El concepto de ansiedad se determina como un estado mental que se caracteriza por gran inquietud, intensa excitación y extrema inseguridad. ¿Pero qué hay más allá de eso, más allá de la definición tradicional?
Muchas veces, la gente tiende a autodiagnosticarse dicha enfermedad, pensando que solo consiste en un simple agobio o estar nervioso por algo, aunque realmente nada se aleja más de la realidad que eso. La ansiedad es ese estado que se apodera de tu mente de todas las formas posibles, dejando de ser tú y siendo dominado por tus pensamientos. Ahí es donde nos damos cuenta del gran poder que tiene la mente frente a nosotros. Somos lo que somos gracias a ella. Por ello, cuando algo se sale de lo normal, de lo esperado, bien sea un comentario, una crítica, una noticia o un suceso inesperado, eso nos ocasiona una preocupación excesiva. Muchas personas no lo toman como un auténtico problema. Pero puede llevarte hasta el límite. Cualquier cosa insignificante tal vez ronde por tu cabeza una y otra vez. Te preocuparás constantemente por no romper a llorar sin motivo ni sufrir un ataque delante de todos.

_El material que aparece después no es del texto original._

(* There exists an absolute constant $C$ such that the following holds. Let $G$ be a graph on $n$ vertices, let $0<\delta\le 1/2$, and let $s,m,b$ be positive integers with $m\le b\le \delta s$. Let $\mathcal{S}^+(s,m,b)$ be the collection of all ordered pairs $(S,F)$ where $S\in\mathcal{S}(s,m,b)$ and $F$ is a set of $m-1$ unordered pairs of vertices of $S$ such that adding the pairs in $F$ as edges to $G[S]$ yields a connected graph. Then $$|\mathcal{S}^+(s,m,b)|\le n^m\exp\big(C\delta\log(1/\delta)\,s\big).$$
   Context: $\mathcal{S}(s,m,b)$ is the collection of all sets $S\subseteq V(G)$ with $|S|=s$ such that $G[S]$ has exactly $m$ connected components $S_1,\dots,S_m$ and $\sum_{i=1}^m|N_G(S_i)|=b$, where $N_G(A)$ is the set of vertices in $V(G)\setminus A$ having a neighbor in $A$ and $G[S]$ is the induced subgraph. *)

theory Defs
  imports Complex_Main
begin

definition simple_graph :: "nat set \<Rightarrow> (nat \<Rightarrow> nat \<Rightarrow> bool) \<Rightarrow> bool" where
  "simple_graph V E \<longleftrightarrow> finite V \<and> (\<forall>u v. E u v \<longrightarrow> u \<in> V \<and> v \<in> V)
     \<and> (\<forall>u v. E u v \<longrightarrow> E v u) \<and> (\<forall>u. \<not> E u u)"

definition nbhd :: "nat set \<Rightarrow> (nat \<Rightarrow> nat \<Rightarrow> bool) \<Rightarrow> nat set \<Rightarrow> nat set" where
  "nbhd V E A = {v \<in> V - A. \<exists>u\<in>A. E u v}"

definition reach_in :: "(nat \<Rightarrow> nat \<Rightarrow> bool) \<Rightarrow> nat set \<Rightarrow> nat \<Rightarrow> nat \<Rightarrow> bool" where
  "reach_in E S = (\<lambda>u v. u \<in> S \<and> v \<in> S \<and> E u v)\<^sup>*\<^sup>*"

Miedo, frustración, temblor y pánico son los síntomas más claros durante un ataque de ansiedad, junto con la mayor impotencia que se pueda llegar a sentir. Es un sentimiento que te embarca en una espiral de la que cuesta mucho salir. Debido a eso, las personas que la padecen no tienden a contar sus problemas por miedo a ser juzgados, a no ser entendidos o simplemente por no ser capaces de expresarse tal y como les gustaría. Y ello sólo les genera mayor inseguridad. Todo se hace tan complejo que un mal día puede anular a la persona por completo. Realmente no hay una forma de expresar el grado de desasosiego, agobio e inquietud que se puede llegar de sentir.
A nivel personal solo puedo decir que muchas veces esas personas tan solo quieren ser escuchadas, sin comentarios de fondo y sintiendo que de verdad les están escuchando. Además, a pesar de que sea un estado mental muy común en la actualidad, especialmente entre adolescentes y jóvenes, no hay por qué desvalorizarlo y pensar que, con tan solo sentirse un poco estresado, ya ha de tenerse este problema. Simplemente la ansiedad es ansiedad.